|Li, Chaoyang - PENNSYLVANIA STATE UNIV|
|Cox-Foster, Diana - PENNSYLVANIA STATE UNIV|
|Gildow, Frederick - PENNSYLVANIA STATE UNIV|
Submitted to: Virology
Publication Type: Peer Reviewed Journal
Publication Acceptance Date: April 4, 2001
Publication Date: July 15, 2001
Citation: LI, C., COX-FOSTER, D., GRAY, S.M., GILDOW, F.E. VECTOR-SPECIFICITY OF BARLEY YELLOW DWARF LUTEOVIRUS TRANSMISSION: IDENTIFICATION OF POTENTIAL CELLULAR RECEPTORS BINDING BYDV-MAV IN THE APHID SITOBION AVENAE. VIROLOGY. 2001. Interpretive Summary: Barley yellow dwarf disease of cereals is caused by several related viruses and is the most significant virus disease of cereal crops worldwide. Each of the six viruses that cause BYD is transmitted by different aphid species because each virus and aphid has unique properties that must be compatible for transmission to occur. Our previous work has identified the path that a virus takes as it moves from the aphids stomach to the blood system and out through the salivary system. It is also known where in this route a virus not transmitted by a particular aphid species is blocked. In most instances when an aphid cannot transmit a virus it is because the virus cannot enter the salivary system and therefore cannot be spit back into a plant when the aphid feeds on a plant. This study has identified proteins present in the head of a vector aphid, but not in a non-vector aphid, that attach to virus particles. These are the first aphid proteins identified that interacts with virus. The proteins are thought to be receptors located on the surface of the salivary glands that allow virus to attach to, and move into, the aphids salivary system and ultimately allow the virus to be transmitted. Knowing what these receptor proteins are and how they function should allow the development of new methods to prevent or diminish the ability of aphids to transmit viruses between plants.

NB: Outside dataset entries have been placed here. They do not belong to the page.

lemma argmin_on_gradient_nonzero:
  fixes f :: "'a::real_inner \<Rightarrow> real" and gradf :: "'a \<Rightarrow> 'a"
  assumes qc: "quasiconvex_on \<Gamma> f" and "open \<Gamma>" "S \<subseteq> \<Gamma>" "convex S"
    and grad: "\<And>x. x \<in> \<Gamma> \<Longrightarrow> (f has_derivative (\<lambda>h. gradf x \<bullet> h)) (at x)"
    and "continuous_on \<Gamma> gradf"
    and x: "x \<in> argmin_on S f" and y: "y \<in> argmin_on S f" and "gradf y \<noteq> 0"
  shows "gradf x \<noteq> 0"
proof (rule gradient_nonzero_on_level_segment[OF qc \<open>open \<Gamma>\<close> _ _ grad \<open>continuous_on \<Gamma> gradf\<close> \<open>gradf y \<noteq> 0\<close>])
  have "closed_segment y x \<subseteq> argmin_on S f"
    using convex_argmin_on[OF qc \<open>S \<subseteq> \<Gamma>\<close> \<open>convex S\<close>] x y by (simp add: closed_segment_subset)
  moreover have "argmin_on S f \<subseteq> \<Gamma>" using \<open>S \<subseteq> \<Gamma>\<close> unfolding argmin_on_def by blast
  ultimately show "closed_segment y x \<subseteq> \<Gamma>" "\<And>z. z \<in> closed_segment y x \<Longrightarrow> f z = f y"
    using argmin_on_level[OF _ y] by blast+
qed

theorem theorem3:
  fixes \<Gamma> S :: "(real ^ 'n) set"
    and f :: "real ^ 'n \<Rightarrow> real"
    and gradf :: "real ^ 'n \<Rightarrow> real ^ 'n"
    and xbar :: "real ^ 'n"
  assumes "open \<Gamma>" and "convex \<Gamma>"
    and "S \<subseteq> \<Gamma>" and "S \<noteq> {}" and "convex S"
    and grad: "\<And>x. x \<in> \<Gamma> \<Longrightarrow> (f has_derivative (\<lambda>h. gradf x \<bullet> h)) (at x)"
    and "continuous_on \<Gamma> gradf"
    and "quasiconvex_on \<Gamma> f"
    and "xbar \<in> argmin_on S f"
    and "gradf xbar \<noteq> 0"
  defines "S1 \<equiv> {x \<in> S. gradf x \<bullet> (xbar - x) = 0 \<and> gradf x \<noteq> 0}"
    and "S2 \<equiv> {x \<in> S. gradf x \<bullet> (xbar - x) \<ge> 0 \<and> gradf x \<noteq> 0}"
    and "S3 \<equiv> {x \<in> S. gradf x \<bullet> (xbar - x) = gradf xbar \<bullet> (x - xbar) \<and> gradf x \<noteq> 0}"
    and "S4 \<equiv> {x \<in> S. gradf x \<bullet> (xbar - x) \<ge> gradf xbar \<bullet> (x - xbar) \<and> gradf x \<noteq> 0}"
    and "S5 \<equiv> {x \<in> S. gradf x \<bullet> (xbar - x) = 0 \<and> gradf xbar \<bullet> (x - xbar) = 0 \<and> gradf x \<noteq> 0}"
  shows "argmin_on S f = S1 \<and> S1 = S2 \<and> S2 = S3 \<and> S3 = S4 \<and> S4 = S5"
proof -
  note qc = \<open>quasiconvex_on \<Gamma> f\<close> and xbar = \<open>xbar \<in> argmin_on S f\<close>
  have xbar_G: "xbar \<in> \<Gamma>" using xbar \<open>S \<subseteq> \<Gamma>\<close> unfolding argmin_on_def by auto
  have "argmin_on S f \<subseteq> S5"
  proof
    fix x assume x: "x \<in> argmin_on S f"
    hence "x \<in> S" and x_G: "x \<in> \<Gamma>" using \<open>S \<subseteq> \<Gamma>\<close> unfolding argmin_on_def by auto
    with x show "x \<in> S5" unfolding S5_def
      using argmin_on_gradient_orthogonal[OF qc \<open>S \<subseteq> \<Gamma>\<close> \<open>convex S\<close>] grad[OF x_G] grad[OF xbar_G] xbar
        argmin_on_gradient_nonzero[OF qc \<open>open \<Gamma>\<close> \<open>S \<subseteq> \<Gamma>\<close> \<open>convex S\<close> grad
          \<open>continuous_on \<Gamma> gradf\<close> x xbar \<open>gradf xbar \<noteq> 0\<close>]
      by blast
  qed
  moreover have "S2 \<subseteq> argmin_on S f"
  proof
    fix x assume x: "x \<in> S2"
    hence "x \<in> \<Gamma>" using \<open>S \<subseteq> \<Gamma>\<close> unfolding S2_def by auto
    with x have "f x \<le> f xbar" unfolding S2_def
      by (intro quasiconvex_on_pseudoconvex[OF qc \<open>open \<Gamma>\<close> _ xbar_G grad grad[OF xbar_G]]) auto
    thus "x \<in> argmin_on S f" using x xbar unfolding S2_def argmin_on_def by force
  qed
  moreover have "S4 \<subseteq> S2"
    using argmin_on_gradient_nonneg[OF \<open>convex S\<close> xbar _ grad[OF xbar_G]]
    unfolding S4_def S2_def by (auto intro: order_trans)
  moreover have "S5 \<subseteq> S1" "S5 \<subseteq> S3" "S1 \<subseteq> S2" "S3 \<subseteq> S4"
    unfolding S1_def S2_def S3_def S4_def S5_def by auto
  ultimately show ?thesis by blast
qed

end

Technical Abstract: Two proteins (SaM35 and SaM50) isolated from head tissues of the aphid vector, Sitobion avenae, were identified as potential receptors for barley yellow dwarf virus-MAV (Luteoviridae) based on MAV virus overlay assays and immunoblots of urea SDA 2-D gels. An antiidiotypic antibody (MAV4 antiID) that mimics an epitope on MAV virions and competes with MAV in antibody binding assays, also bound to SaM50 and SaM35 and to six additional proteins including a GroEL homolog. No MAV-binding proteins were detected from the non-vector aphid, Rhopalosiphum maidis, although MAV4 Anti-ID did react with four proteins from R. maidis. It is hypothesized that SaM35 and SaM50 may be MAV receptors involved in MAV transmission based on their high affinity for MAV and their unique association with the vector, S. avenae. The additional aphid proteins binding the MAV4 antiID may represent less specific virus-binding proteins facilitating transmission through different taphid tissues.